6. Collect feedback from people in the industry.

We've already attracted the attention of some people, but it's clear this issue needs to be raised among the health professionals.

7. Get a development kit.

I wonder if the manufacturers would be cooperative on our project. However, it doesn't hurt to try and it'd help us a lot to have a transmitter-transmitter pair we could control.


Why participate in the Hackaday Prize?

First of all, it's an "assistive technology" project. We want to solve one of the problems that's stopping people from getting full information about their condition, if not the direct "give-data-to-us" way, then the hacking "we'll-take-it-ourselves" way. It makes this project a perfect fit.

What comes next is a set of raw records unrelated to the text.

(* Let $(V,\|\cdot\|)$ be a rectilinear normed plane, i.e. one whose unit circle is a parallelogram. Then $c_B(\|\cdot\|)=\frac12$.
   Context: A normed (Minkowski) plane $(V,\|\cdot\|)$ is a two-dimensional real vector space with a norm; $o$ is the origin, $B=\{v:\|v\|\le1\}$ the unit ball, $S=\{v:\|v\|=1\}$ the unit circle. For distinct $x,y$, $\mathrm{bis}(x,y)=\{z\in V:\|z-x\|=\|z-y\|\}$. For $x\in S$, the inner projection is $\mathrm{P_I}(x)=\{z/\|z\|: z\in(\mathrm{bis}(-x,x)\cap B)\setminus\{o\}\}$. The sine function is $s:S\times S\to\mathbb{R}$, $s(u,v)=\inf_{t\in\mathbb{R}}\|u+tv\|$. The constant $c_B$ is $c_B(\|\cdot\|)=\inf_{x\in S}\ \inf_{w\in\mathrm{P_I}(x)} s(w,x)$. *)

theory Defs
  imports "HOL-Analysis.Analysis"
begin

definition is_norm :: "(real^2 \<Rightarrow> real) \<Rightarrow> bool" where
  "is_norm N \<longleftrightarrow>
     (\<forall>x. N x = 0 \<longleftrightarrow> x = 0) \<and>
     (\<forall>c x. N (c *\<^sub>R x) = \<bar>c\<bar> * N x) \<and>
     (\<forall>x y. N (x + y) \<le> N x + N y)"

definition unit_ball_N :: "(real^2 \<Rightarrow> real) \<Rightarrow> (real^2) set" where
  "unit_ball_N N = {v. N v \<le> 1}"

definition unit_circle_N :: "(real^2 \<Rightarrow> real) \<Rightarrow> (real^2) set" where
  "unit_circle_N N = {v. N v = 1}"

definition parallelogram :: "(real^2) set \<Rightarrow> bool" where
  "parallelogram P \<longleftrightarrow> (\<exists>p u v. independent {u, v} \<and> u \<noteq> v \<and>
      P = convex hull {p, p + u, p + v, p + u + v})"

definition rectilinear :: "(real^2 \<Rightarrow> real) \<Rightarrow> bool" where
  "rectilinear N \<longleftrightarrow> (\<exists>P. parallelogram P \<and> unit_circle_N N = frontier P)"

definition bis :: "(real^2 \<Rightarrow> real) \<Rightarrow> real^2 \<Rightarrow> real^2 \<Rightarrow> (real^2) set" where
  "bis N x y = {z. N (z - x) = N (z - y)}"

definition inner_proj :: "(real^2 \<Rightarrow> real) \<Rightarrow> real^2 \<Rightarrow> (real^2) set" where
  "inner_proj N x = (\<lambda>z. (1 / N z) *\<^sub>R z) ` ((bis N (- x) x \<inter> unit_ball_N N) - {0})"

definition sine_N :: "(real^2 \<Rightarrow> real) \<Rightarrow> real^2 \<Rightarrow> real^2 \<Rightarrow> real" where
  "sine_N N u v = (INF t\<in>(UNIV::real set). N (u + t *\<^sub>R v))"

definition c_B :: "(real^2 \<Rightarrow> real) \<Rightarrow> real" where
  "c_B N = (INF x\<in>unit_circle_N N. (INF w\<in>inner_proj N x. sine_N N w x))"

end

theory Submission
  imports Defs
begin

text \<open>The unit circle of a rectilinear norm is the image of the boundary of the square
  [-1,1]^2 under an affine bijection q \<mapsto> c + K q. Being symmetric about 0 as well as about c,
  the unit circle is invariant under translation by 2c, so c = 0 and N \<circ> K is the maximum norm.
  Since c_B is invariant under linear isomorphisms, it remains to compute it for the maximum norm.
  For a unit vector x = (1, a), every point z of the bisector of -x and x in the unit ball
  satisfies |z1| \<le> |z2| and z1 z2 a \<le> 0, which forces \<parallel>z + t x\<parallel> \<ge> |z2|/2 for every t;
  hence c_B \<ge> 1/2. Conversely, for 0 \<le> a < 1 the vector (0, 1) is an inner
  projection of (1, a) with sine at most 1/(1 + a), which tends to 1/2 as a \<rightarrow> 1.\<close>

lemma is_norm_eq_0:
  assumes "is_norm N" shows "N x = 0 \<longleftrightarrow> x = 0"
  using assms unfolding is_norm_def by blast

lemma is_norm_scaleR:
  assumes "is_norm N" shows "N (c *\<^sub>R x) = \<bar>c\<bar> * N x"
  using assms unfolding is_norm_def by blast

lemma is_norm_triangle:
  assumes "is_norm N" shows "N (x + y) \<le> N x + N y"
  using assms unfolding is_norm_def by blast

lemma is_norm_zero:
  assumes "is_norm N" shows "N 0 = 0"
  using is_norm_eq_0[OF assms] by simp

lemma is_norm_minus:
  assumes "is_norm N" shows "N (- x) = N x"
  using is_norm_scaleR[OF assms, of "-1" x] by simp

lemma is_norm_nonneg:
  assumes "is_norm N" shows "0 \<le> N x"
  using is_norm_triangle[OF assms, of x "- x"] is_norm_minus[OF assms, of x] is_norm_zero[OF assms]
  by simp

lemma is_norm_normalize:
  assumes "is_norm N" "z \<noteq> 0" shows "N ((1 / N z) *\<^sub>R z) = 1"
  using assms is_norm_scaleR[OF assms(1)] is_norm_eq_0[OF assms(1)] is_norm_nonneg[OF assms(1), of z]
  by simp

lemma is_norm_comp_linear:
  assumes "is_norm N" "linear K" "inj K"
  shows "is_norm (\<lambda>z. N (K z))"
proof -
  have "K z = 0 \<longleftrightarrow> z = 0" for z
    using inj_eq[OF assms(3), of z 0] linear_0[OF assms(2)] by simp
  then show ?thesis using assms(1) unfolding is_norm_def by (simp add: linear_add[OF assms(2)] linear_scale[OF assms(2)])
qed

lemma is_norm_eq_if_unit_circle_eq:
  assumes N: "is_norm N" and M: "is_norm M" and S: "unit_circle_N N = unit_circle_N M"
  shows "N = M"
proof
  fix v
  show "N v = M v"
  proof (cases "v = 0")
    case True
    then show ?thesis using is_norm_zero[OF N] is_norm_zero[OF M] by simp
  next
    case False
    then have "(1 / N v) *\<^sub>R v \<in> unit_circle_N M"
      using is_norm_normalize[OF N] S unfolding unit_circle_N_def by blast
    then have "M v / N v = 1"
      using is_norm_scaleR[OF M] is_norm_nonneg[OF N, of v] by (simp add: unit_circle_N_def)
    then show ?thesis using False is_norm_eq_0[OF N] by simp
  qed
qed

lemma unit_circle_translation_eq_0:
  assumes N: "is_norm N" and s0: "s0 \<in> unit_circle_N N"
    and translate: "\<And>s. s \<in> unit_circle_N N \<Longrightarrow> s + d \<in> unit_circle_N N"
  shows "d = 0"
proof -
  have orbit: "s0 + real n *\<^sub>R d \<in> unit_circle_N N" for n
  proof (induction n)
    case (Suc n)
    from translate[OF Suc] show ?case by (simp add: algebra_simps)
  qed (use s0 in simp)
  have bounded: "real n * N d \<le> 2" for n
  proof -
    have "N (real n *\<^sub>R d) \<le> N (s0 + real n *\<^sub>R d) + N (- s0)"
      using is_norm_triangle[OF N, of "s0 + real n *\<^sub>R d" "- s0"] by simp
    then show ?thesis
      using orbit[of n] s0 is_norm_minus[OF N] is_norm_scaleR[OF N] by (simp add: unit_circle_N_def)
  qed
  have "N d = 0"
  proof (rule ccontr)
    assume "N d \<noteq> 0"
    then have "0 < N d" using is_norm_nonneg[OF N, of d] by simp
    then obtain n where "2 < real n * N d" using reals_Archimedean3 by blast
    with bounded[of n] show False by simp
  qed
  then show ?thesis using is_norm_eq_0[OF N] by simp
qed

lemma mem_inner_proj_iff:
  "w \<in> inner_proj N x \<longleftrightarrow> (\<exists>z. N (z + x) = N (z - x) \<and> N z \<le> 1 \<and> z \<noteq> 0 \<and> w = (1 / N z) *\<^sub>R z)"
  unfolding inner_proj_def bis_def unit_ball_N_def by auto

lemma sine_N_normalize_ge:
  assumes N: "is_norm N" and z: "z \<noteq> 0" and bound: "\<And>t. b * N z \<le> N (z + t *\<^sub>R x)"
  shows "b \<le> sine_N N ((1 / N z) *\<^sub>R z) x"
  unfolding sine_N_def
proof (rule cINF_greatest)
  fix t
  have pos: "0 < N z" using z is_norm_nonneg[OF N, of z] is_norm_eq_0[OF N, of z] by simp
  have "z + (t * N z) *\<^sub>R x = N z *\<^sub>R ((1 / N z) *\<^sub>R z + t *\<^sub>R x)"
    using pos by (simp add: algebra_simps)
  then have "N (z + (t * N z) *\<^sub>R x) = N z * N ((1 / N z) *\<^sub>R z + t *\<^sub>R x)"
    using pos is_norm_scaleR[OF N] by simp
  then show "b \<le> N ((1 / N z) *\<^sub>R z + t *\<^sub>R x)"
    using bound[of "t * N z"] pos by (simp add: mult.commute mult_le_cancel_left_pos)
qed simp

definition max_norm :: "real^2 \<Rightarrow> real" where
  "max_norm q = max \<bar>q$1\<bar> \<bar>q$2\<bar>"

lemma is_norm_max_norm: "is_norm max_norm"
  unfolding is_norm_def max_norm_def
proof (intro conjI allI)
  fix c :: real and x y :: "real^2"
  show "max \<bar>x$1\<bar> \<bar>x$2\<bar> = 0 \<longleftrightarrow> x = 0"
    by (auto simp: vec_eq_iff forall_2 max_def)
  show "max \<bar>(c *\<^sub>R x)$1\<bar> \<bar>(c *\<^sub>R x)$2\<bar> = \<bar>c\<bar> * max \<bar>x$1\<bar> \<bar>x$2\<bar>"
    by (simp add: abs_mult max_mult_distrib_left)
  show "max \<bar>(x + y)$1\<bar> \<bar>(x + y)$2\<bar> \<le> max \<bar>x$1\<bar> \<bar>x$2\<bar> + max \<bar>y$1\<bar> \<bar>y$2\<bar>"
    by (simp add: max_def abs_triangle_ineq[THEN order_trans])
qed

lemma max_bisector_pos_coord:
  fixes a z1 z2 :: real
  assumes a: "\<bar>a\<bar> \<le> 1" and z2: "\<bar>z2\<bar> \<le> 1" and z1: "0 < z1"
    and bis: "max (\<bar>z1 + 1\<bar>) (\<bar>z2 + a\<bar>) = max (\<bar>z1 - 1\<bar>) (\<bar>z2 - a\<bar>)"
  shows "z1 \<le> \<bar>z2\<bar> \<and> z2 * a < 0"
proof -
  have "\<bar>z1 - 1\<bar> < \<bar>z1 + 1\<bar>" using z1 by simp
  then have far: "z1 + 1 \<le> \<bar>z2 - a\<bar>" using z1 bis by (simp add: max_def split: if_splits)
  then have "z2 * a < 0" using a z2 z1 by (cases "0 \<le> z2"; cases "0 \<le> a") (auto simp: mult_less_0_iff)
  then have "\<bar>z2 - a\<bar> = \<bar>z2\<bar> + \<bar>a\<bar>" by (smt (verit) mult_less_0_iff)
  with far a \<open>z2 * a < 0\<close> show ?thesis by linarith
qed

lemma max_bisector_coords:
  fixes a z1 z2 :: real
  assumes a: "\<bar>a\<bar> \<le> 1" and z2: "\<bar>z2\<bar> \<le> 1"
    and bis: "max (\<bar>z1 + 1\<bar>) (\<bar>z2 + a\<bar>) = max (\<bar>z1 - 1\<bar>) (\<bar>z2 - a\<bar>)"
  shows "\<bar>z1\<bar> \<le> \<bar>z2\<bar> \<and> z1 * (z2 * a) \<le> 0"
proof -
  consider "z1 = 0" | "0 < z1" | "0 < - z1" by linarith
  then show ?thesis
  proof cases
    case 2
    with max_bisector_pos_coord[OF a z2 2 bis] show ?thesis by (auto intro: mult_pos_neg less_imp_le)
  next
    case 3
    have "max (\<bar>- z1 + 1\<bar>) (\<bar>- z2 + a\<bar>) = max (\<bar>- z1 - 1\<bar>) (\<bar>- z2 - a\<bar>)"
      using bis by (simp add: abs_minus_commute add.commute)
    from max_bisector_pos_coord[OF a _ 3 this] z2 have "- z1 \<le> \<bar>z2\<bar>" "z2 * a > 0" by auto
    with 3 show ?thesis by (auto intro: mult_neg_pos less_imp_le)
  qed simp
qed

lemma max_bisector_bound_coords:
  fixes a z1 z2 t :: real
  assumes a: "\<bar>a\<bar> \<le> 1" and z: "\<bar>z1\<bar> \<le> \<bar>z2\<bar>" "z1 * (z2 * a) \<le> 0"
  shows "\<bar>z2\<bar> \<le> 2 * max (\<bar>z1 + t\<bar>) (\<bar>z2 + t * a\<bar>)"
proof (cases "\<bar>z2\<bar> \<le> 2 * \<bar>z2 + t * a\<bar>")
  case False
  then have opp: "z2 * a * t < 0" and big: "\<bar>z2\<bar> < 2 * \<bar>t * a\<bar>"
    by (smt (verit) mult.commute mult_less_0_iff mult.assoc)+
  have "0 \<le> z1 * t"
  proof -
    have "0 \<le> (z1 * (z2 * a)) * (z2 * a * t)" using z(2) opp by (simp add: mult_nonpos_nonpos)
    then have "0 \<le> (z1 * t) * (z2 * a)\<^sup>2" by (simp add: power2_eq_square algebra_simps)
    moreover have "0 < (z2 * a)\<^sup>2" using opp by auto
    ultimately show ?thesis by (simp add: zero_le_mult_iff)
  qed
  then have "\<bar>t\<bar> \<le> \<bar>z1 + t\<bar>" by (smt (verit) zero_le_mult_iff)
  moreover have "\<bar>t * a\<bar> \<le> \<bar>t\<bar>" using a by (simp add: abs_mult mult_left_le)
  ultimately show ?thesis using big by (simp add: max_def)
qed (simp add: max_def)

Second thing is exposure. We need it, and Hackaday can provide it. We need both technical expertise of many folks for decoding and making sense of the data, and we want to raise awareness.

Third thing is prize money, which we could use to get the necessary equipment. It's very likely that we could assemble a ready-to-collect-data device for 100$, for early adopters. We also need to get the base station, but shipping costs from the USA to EU are kinda high and we're mostly students. It would be very good to get our hands on a good SDR, such as HackRF, for development - to see which problems are due to bad hardware and which are due to the lack of filtering.